The 300-series was a strong seller for Volvo. Sales began at a low level, not helped by the absence of a manual transmission option and an early reputation for poor build quality, but sales gradually increased as the lineup expanded with manual transmission and a 5-door body style, and the initial quality issues were solved - by redesigning the interior and dashboard. 300-series cumulative production broke the 100,000 barrier on 12 December 1983, with the total reaching 102,000 before the end of the year. The 100,000th car, finished in white, was donated to the Dutch Red Cross.

In 1988, 12 years after its introduction, the one-millionth 300 was built. Finished inside and out in red, it ended up in the DAF museum in Eindhoven. Eventually, the production of the 300 series ended in 1991 after 1.14 million units, averaging 76,000 vehicles per year throughout its life.

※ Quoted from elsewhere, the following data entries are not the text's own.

text \<open>A complex Hilbert space structure on a real Banach space 'h: a complex scalar
multiplication sc extending the real one, and a complex inner product ip
(linear in the second argument) inducing the given norm.  Completeness comes
from the type class banach.\<close>
definition complex_hilbert ::
  "(complex \<Rightarrow> 'h::real_normed_vector \<Rightarrow> 'h) \<Rightarrow> ('h \<Rightarrow> 'h \<Rightarrow> complex) \<Rightarrow> bool" where
  "complex_hilbert sc ip \<longleftrightarrow>
     (\<forall>r x. sc (complex_of_real r) x = r *\<^sub>R x) \<and>
     (\<forall>a b x. sc (a * b) x = sc a (sc b x)) \<and>
     (\<forall>a x y. sc a (x + y) = sc a x + sc a y) \<and>
     (\<forall>a b x. sc (a + b) x = sc a x + sc b x) \<and>
     (\<forall>x y. ip x y = cnj (ip y x)) \<and>
     (\<forall>x y z. ip x (y + z) = ip x y + ip x z) \<and>
     (\<forall>a x y. ip x (sc a y) = a * ip x y) \<and>
     (\<forall>x. ip x x = complex_of_real ((norm x)\<^sup>2))"

definition bounded_cop :: "(complex \<Rightarrow> 'h::real_normed_vector \<Rightarrow> 'h) \<Rightarrow> ('h \<Rightarrow> 'h) \<Rightarrow> bool" where
  "bounded_cop sc A \<longleftrightarrow>
     (\<forall>x y. A (x + y) = A x + A y) \<and>
     (\<forall>a x. A (sc a x) = sc a (A x)) \<and>
     (\<exists>K. \<forall>x. norm (A x) \<le> K * norm x)"

text \<open>B(l^2_N) is identified with N x N complex matrices acting on complex^'n
(whose norm is the Euclidean l^2 norm); its involution is the conjugate transpose.\<close>
definition conj_transpose :: "complex^'n^'n \<Rightarrow> complex^'n^'n" where
  "conj_transpose A = (\<chi> i j. cnj (A $ j $ i))"

definition unital_star_rep ::
  "(complex \<Rightarrow> 'h::real_normed_vector \<Rightarrow> 'h) \<Rightarrow> ('h \<Rightarrow> 'h \<Rightarrow> complex) \<Rightarrow>
   (complex^'n::finite^'n \<Rightarrow> 'h \<Rightarrow> 'h) \<Rightarrow> bool" where
  "unital_star_rep sc ip \<pi> \<longleftrightarrow>
     (\<forall>A. bounded_cop sc (\<pi> A)) \<and>
     (\<forall>A B x. \<pi> (A + B) x = \<pi> A x + \<pi> B x) \<and>
     (\<forall>c A x. \<pi> (\<chi> i j. c * A $ i $ j) x = sc c (\<pi> A x)) \<and>
     (\<forall>A B x. \<pi> (A ** B) x = \<pi> A (\<pi> B x)) \<and>
     (\<forall>x. \<pi> (mat 1) x = x) \<and>
     (\<forall>A x y. ip (\<pi> A x) y = ip x (\<pi> (conj_transpose A) y))"

definition mat_pnorm :: "real \<Rightarrow> nat \<Rightarrow> (nat \<Rightarrow> nat \<Rightarrow> 'x::real_normed_vector \<Rightarrow> 'x) \<Rightarrow> real" where
  "mat_pnorm p n T =
     (SUP x \<in> {x :: nat \<Rightarrow> 'x. (\<Sum>j<n. norm (x j) powr p) \<le> 1}.
        (\<Sum>i<n. norm (\<Sum>j<n. T i j (x j)) powr p) powr (1 / p))"

end

theory Submission
  imports Defs
begin

text \<open>
  Every unital *-representation \<pi> of the matrix algebra B(l^2_N) on a
  nonzero Hilbert space H contains the identity representation: pick a matrix unit
  P = E_aa; \<pi>(P) is a nonzero projection, so there is a unit vector e with \<pi>(P) e = e.
  The map V v = \<pi>(C_a(v)) e, where C_a(v) is the matrix whose a-th column is v and whose
  other columns vanish, is additive, isometric (because C_a(v)^* C_a(v) = |v|^2 P) and
  intertwines: \<pi>(A) (V v) = V (A v).  Applying V coordinatewise maps the unit ball of
  l^p_n(l^2_N) isometrically into the unit ball of l^p_n(H) and transforms the action of
  [T_ij] into that of [\<pi>(T_ij)]; since the latter supremum is finite (the operators
  \<pi>(T_ij) are bounded), the inequality of the operator norms follows.
\<close>

definition matrix_unit :: "'n::finite \<Rightarrow> 'n \<Rightarrow> complex^'n^'n" where
  "matrix_unit k l = (\<chi> i j. if i = k \<and> j = l then 1 else 0)"

definition column_matrix :: "'n::finite \<Rightarrow> complex^'n \<Rightarrow> complex^'n^'n" where
  "column_matrix a v = (\<chi> i j. if j = a then v $ i else 0)"

lemma matrix_unit_mult:
  "matrix_unit k l ** matrix_unit l' m = (if l = l' then matrix_unit k m else 0)"
  by (auto simp: vec_eq_iff matrix_unit_def matrix_matrix_mult_def
      if_distrib[of "\<lambda>x. x * _"] sum.delta cong: if_cong)

lemma mat1_eq_sum_matrix_units: "mat 1 = (\<Sum>k\<in>UNIV. matrix_unit k k)"
  by (auto simp: vec_eq_iff matrix_unit_def mat_def sum_component intro!: sum.neutral)

lemma column_matrix_mult: "A ** column_matrix a v = column_matrix a (A *v v)"
  by (auto simp: vec_eq_iff column_matrix_def matrix_matrix_mult_def matrix_vector_mult_def
      if_distrib[of "\<lambda>x. _ * x"] cong: if_cong)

While the car was fundamentally robust, the car was rushed to production too early. In particular the first (1976) model year 343 suffered from teething problems, with unsubstantiated claims that Volvo ordered its dealer network to scrap early model year cars that were traded in, in order to remove them from circulation.  As a result very few of the earliest 1976-77 cars have survived. The build quality gradually improved but was never up to the same standard as Volvo's larger models. Due to this bad reputation, the car was not popular in Sweden. Sales of the 340 with Variomatic in Sweden were down to 200 per year in the late 1980s. The 300's sales were also limited because the price of a two-litre 360 was more than a base 240 in the home market.

Markets
Whilst not a major sales success, the Volvo badge ensured that the car had a strong middle-class following (often as a second car) in some places, particularly in the UK in the 1980s. It regularly made it onto Britain's top annual 20 sales tables for that decade and was the best selling import car at several points in the early years of the decade. They are robust and mechanically simple (and therefore easy to maintain). Variomatic transmissions are reliable given proper care. The rust protection was poorer than other Volvos, but the engines were durable. In February 2016, it was reported that 627 examples of the 300 Series were still in use on Britain's roads.

Up to 1982, sales of the 300-series was almost entirely limited to Western Europe. In the years following, export to other parts of the world was slowly expanded with 4% of total sales in 1984.
In 1985, CKD-kits of the Volvo 340 GL were sent to Indonesia and CKD-kits of the Volvo 360 GLE were sent to Malaysia for assembly.

The 300-series was not sold in North America. The Volvo 360GLT only was introduced in Australia and New Zealand during 1984 and continued until 1988.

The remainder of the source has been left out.